> **Task details**:
Restrict the output to the lines below starting at the one that contains "then obtain S" and ending at the one that contains "text \<open>Points of", and restate them word for word, both ends included.

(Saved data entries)

lemma istopology_crs_open: "istopology crs_open"
proof -
  have e: "crs_open {}" by (simp add: crs_open_def cw_open_def)
  have i: "crs_open (S \<inter> T)" if S: "crs_open S" and T: "crs_open T" for S T
  proof -
    have cw: "cw_open (S \<inter> T)"
    proof -
      have "{z \<in> cw_disk. cw_incl n z \<in> S \<inter> T} =
            {z \<in> cw_disk. cw_incl n z \<in> S} \<inter> {z \<in> cw_disk. cw_incl n z \<in> T}" for n by auto
      then show ?thesis using S T unfolding crs_open_def cw_open_def
        by (auto intro: openin_Int)
    qed
    show ?thesis
    proof (cases "cw_origin \<in> S \<inter> T")
      case False then show ?thesis using cw by (simp add: crs_open_def)
    next
      case True
      then obtain F G where "finite F" "\<forall>n. n \<ge> 1 \<and> n \<notin> F \<longrightarrow> cw_cell_minus_vertex n \<subseteq> S"
          "finite G" "\<forall>n. n \<ge> 1 \<and> n \<notin> G \<longrightarrow> cw_cell_minus_vertex n \<subseteq> T"
        using S T unfolding crs_open_def by blast
      then show ?thesis using cw unfolding crs_open_def
        by (intro conjI disjI2 exI[of _ "F \<union> G"]) auto
    qed
  qed
  have u: "crs_open (\<Union>K)" if K: "\<forall>S\<in>K. crs_open S" for K
  proof -
    have cw: "cw_open (\<Union>K)"
    proof -
      have "{z \<in> cw_disk. cw_incl n z \<in> \<Union>K} = (\<Union>S\<in>K. {z \<in> cw_disk. cw_incl n z \<in> S})" for n by auto
      then show ?thesis using K unfolding crs_open_def cw_open_def
        by (auto intro!: openin_Union)
    qed
    show ?thesis
    proof (cases "cw_origin \<in> \<Union>K")
      case False then show ?thesis using cw by (simp add: crs_open_def)
    next
      case True
      then obtain S where "S \<in> K" "cw_origin \<in> S" by blast
      then obtain F where "finite F" "\<forall>n. n \<ge> 1 \<and> n \<notin> F \<longrightarrow> cw_cell_minus_vertex n \<subseteq> S"
        using K unfolding crs_open_def by blast
      then show ?thesis using cw \<open>S \<in> K\<close> unfolding crs_open_def
        by (intro conjI disjI2 exI[of _ F]) auto
    qed
  qed
  show ?thesis unfolding istopology_def using e i u by blast
qed

lemma openin_X_crs: "openin X_crs U \<longleftrightarrow> crs_open U"
  by (simp add: X_crs_def istopology_crs_open)

end

theory Submission
  imports Defs
begin

text \<open>Points of one closed cell are separated by small balls inside that cell, and the
origin is separated from a point (n, z) by the complement of the part of cell n far from
the origin. For non-paracompactness cover X by the complement of all vertices e_n^0
together with the open cells; a refinement must contain, for every n, a member around e_n^0
lying inside cell n. Such a member meets e_n^2 - e_n^0, and every coarse neighbourhood of
the origin contains e_n^2 - e_n^0 for all but finitely many n, so the refinement cannot be
locally finite at the origin.\<close>

definition cw_cell_part :: "nat \<Rightarrow> complex set \<Rightarrow> (nat \<times> complex) set" where
  "cw_cell_part n S = Pair n ` (cw_disk \<inter> S - {-1})"

lemma mem_cw_cell_part [simp]:
  "(m, z) \<in> cw_cell_part n S \<longleftrightarrow> m = n \<and> z \<in> cw_disk \<and> z \<in> S \<and> z \<noteq> -1"
  by (auto simp: cw_cell_part_def)

lemma cw_origin_notin_cw_cell_part [simp]: "cw_origin \<notin> cw_cell_part n S"
  by (simp add: cw_origin_def)

lemma disjnt_cw_cell_part:
  "n \<noteq> m \<or> disjnt S T \<Longrightarrow> disjnt (cw_cell_part n S) (cw_cell_part m T)"
  by (auto simp: cw_cell_part_def disjnt_def)

lemma cw_cell_part_subset_carrier: "n \<ge> 1 \<Longrightarrow> cw_cell_part n S \<subseteq> cw_carrier"
  by (auto simp: cw_cell_part_def cw_carrier_def)

lemma cw_incl_mem_cw_cell_part_iff:
  "z \<in> cw_disk \<Longrightarrow> cw_incl m z \<in> cw_cell_part n S \<longleftrightarrow> m = n \<and> z \<in> S \<and> z \<noteq> -1"
  by (auto simp: cw_incl_def)

lemma crs_open_cw_cell_part:
  assumes "n \<ge> 1" "open S"
  shows "crs_open (cw_cell_part n S)"
proof -
  have "{z \<in> cw_disk. cw_incl m z \<in> cw_cell_part n S} =
        cw_disk \<inter> (if m = n then S - {-1} else {})" for m
    by (auto simp: cw_incl_mem_cw_cell_part_iff)
  then have "cw_open (cw_cell_part n S)"
    using assms by (auto simp: cw_open_def cw_cell_part_subset_carrier intro: openin_open_Int)
  then show ?thesis by (simp add: crs_open_def)
qed

lemma crs_open_carrier_Diff_cw_cell_parts:
  assumes closed: "\<And>n. closed (C n)" and "\<And>n. -1 \<notin> C n"
    and eventually_vertex: "finite {n. \<not> C n \<subseteq> {1}}"
  shows "crs_open (cw_carrier - (\<Union>n. cw_cell_part n (C n)))" (is "crs_open ?U")
proof -
  have trace: "{z \<in> cw_disk. cw_incl m z \<in> ?U} = cw_disk \<inter> - C m" if "m \<ge> 1" for m
    using that assms(2) by (auto simp: cw_incl_def cw_carrier_def cw_origin_def)
  have "cw_open ?U"
    unfolding cw_open_def
  proof (intro conjI allI impI)
    fix m :: nat assume "m \<ge> 1"
    show "openin (top_of_set cw_disk) {z \<in> cw_disk. cw_incl m z \<in> ?U}"
      unfolding trace[OF \<open>m \<ge> 1\<close>] using closed by (intro openin_open_Int) auto
  qed auto
  moreover have "cw_cell_minus_vertex m \<subseteq> ?U" if m: "m \<ge> 1" "C m \<subseteq> {1}" for m
  proof
    fix p assume "p \<in> cw_cell_minus_vertex m"
    then obtain z where "p = cw_incl m z" "z \<in> cw_disk \<inter> - C m"
      using m(2) by (auto simp: cw_cell_minus_vertex_def)
    then show "p \<in> ?U" using trace[OF m(1)] by blast
  qed
  moreover have "cw_origin \<in> ?U"
    by (simp add: cw_carrier_def)
  ultimately show ?thesis
    unfolding crs_open_def using eventually_vertex
    by (intro conjI disjI2 exI[of _ "{n. \<not> C n \<subseteq> {1}}"]) auto
qed
lemma sum_chord_cubic_nonneg:
  fixes f :: "'a \<Rightarrow> real"
  assumes m: "m \<ge> 1" and "finite I" "\<forall>i\<in>I. 0 \<le> f i" "sum f I = 1"
  shows "0 \<le> (\<Sum>i\<in>I. chord_cubic m (f i))"
  using assms(2-4)
proof (induction "card I" arbitrary: I f rule: less_induct)
  case less
  let ?small = "\<lambda>x. 3 * real m * (real m + 1) * x \<le> 2 * real m + 1"
  show ?case
  proof (cases "\<exists>i\<in>I. \<exists>j\<in>I. i \<noteq> j \<and> ?small (f i) \<and> ?small (f j)")
    case True
    then obtain i j where ij: "i \<in> I" "j \<in> I" "i \<noteq> j" "?small (f i)" "?small (f j)" by blast
    define g where "g = f(i := f i + f j)"
    have "card (I - {j}) < card I" using less.prems(1) ij(2) by (rule card_Diff1_less)
    moreover have "\<forall>k\<in>I - {j}. 0 \<le> g k" using less.prems(2) ij by (auto simp: g_def)
    moreover have "sum g (I - {j}) = 1"
      using sum_merge_two[OF less.prems(1) ij(1-3), of "\<lambda>x. x" f] less.prems(3)
      by (simp add: g_def)
    ultimately have "0 \<le> (\<Sum>k\<in>I - {j}. chord_cubic m (g k))"
      using less.hyps less.prems(1) by blast
    also have "\<dots> \<le> (\<Sum>k\<in>I. chord_cubic m (f k))"
    proof -
      have "0 \<le> f i * f j" using less.prems(2) ij by simp
      moreover have "3 * real m * (real m + 1) * (f i + f j) \<le> 2 * (2 * real m + 1)"
        using ij(4,5) by (simp add: distrib_left)
      ultimately have "chord_cubic m (f i + f j) - chord_cubic m (f i) - chord_cubic m (f j) \<le> 0"
        unfolding chord_cubic_merge by (simp add: mult_nonneg_nonpos)
      then show ?thesis
        using sum_merge_two[OF less.prems(1) ij(1-3), of "chord_cubic m" f] by (simp add: g_def)
    qed
    finally show ?thesis .
  next
    case False
    then show ?thesis using sum_chord_cubic_nonneg_at_most_one_small[OF m less.prems] by blast
  qed
qed

lemma chord_inequality_finite:
  fixes y :: "'a \<Rightarrow> real"
  assumes m: "m \<ge> 1" and fin: "finite I" and nn: "\<forall>i\<in>I. 0 \<le> y i"
  shows "0 \<le> real m * (real m + 1) * (\<Sum>i\<in>I. y i ^ 3)
    - (2 * real m + 1) * (\<Sum>i\<in>I. y i ^ 2) * sum y I + (sum y I) ^ 3"
proof (cases "sum y I = 0")
  case True
  then have "\<forall>i\<in>I. y i = 0" using fin nn by (simp add: sum_nonneg_eq_0_iff)
  then show ?thesis by simp
next
  case False
  define \<sigma> where "\<sigma> = sum y I"
  have "\<sigma> > 0" using False nn unfolding \<sigma>_def by (simp add: order_le_neq_trans[OF sum_nonneg])
  then have "0 \<le> \<sigma> ^ 3 * (\<Sum>i\<in>I. chord_cubic m (y i / \<sigma>))"
    using sum_chord_cubic_nonneg[OF m fin, of "\<lambda>i. y i / \<sigma>"] nn
    by (simp add: sum_divide_distrib[symmetric] \<sigma>_def[symmetric])
  also have "\<sigma> ^ 3 * (\<Sum>i\<in>I. chord_cubic m (y i / \<sigma>))
      = (\<Sum>i\<in>I. real m * (real m + 1) * y i ^ 3 - (2 * real m + 1) * \<sigma> * y i ^ 2 + \<sigma>\<^sup>2 * y i)"
    unfolding sum_distrib_left
    by (rule sum.cong) (use \<open>\<sigma> > 0\<close> in \<open>simp_all add: chord_cubic_def field_simps power2_eq_square power3_eq_cube\<close>)
  also have "\<dots> = real m * (real m + 1) * (\<Sum>i\<in>I. y i ^ 3)
      - (2 * real m + 1) * (\<Sum>i\<in>I. y i ^ 2) * \<sigma> + \<sigma> ^ 3"
    unfolding \<sigma>_def
    by (simp add: sum.distrib sum_subtractf sum_distrib_left power3_eq_cube power2_eq_square algebra_simps)
  finally show ?thesis unfolding \<sigma>_def .
qed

> **Answer below**:
      then obtain S where "S \<in> K" "cw_origin \<in> S" by blast
      then obtain F where "finite F" "\<forall>n. n \<ge> 1 \<and> n \<notin> F \<longrightarrow> cw_cell_minus_vertex n \<subseteq> S"
        using K unfolding crs_open_def by blast
      then show ?thesis using cw \<open>S \<in> K\<close> unfolding crs_open_def
        by (intro conjI disjI2 exI[of _ F]) auto
    qed
  qed
  show ?thesis unfolding istopology_def using e i u by blast
qed

lemma openin_X_crs: "openin X_crs U \<longleftrightarrow> crs_open U"
  by (simp add: X_crs_def istopology_crs_open)

end

theory Submission
  imports Defs
begin

text \<open>Points of one closed cell are separated by small balls inside that cell, and the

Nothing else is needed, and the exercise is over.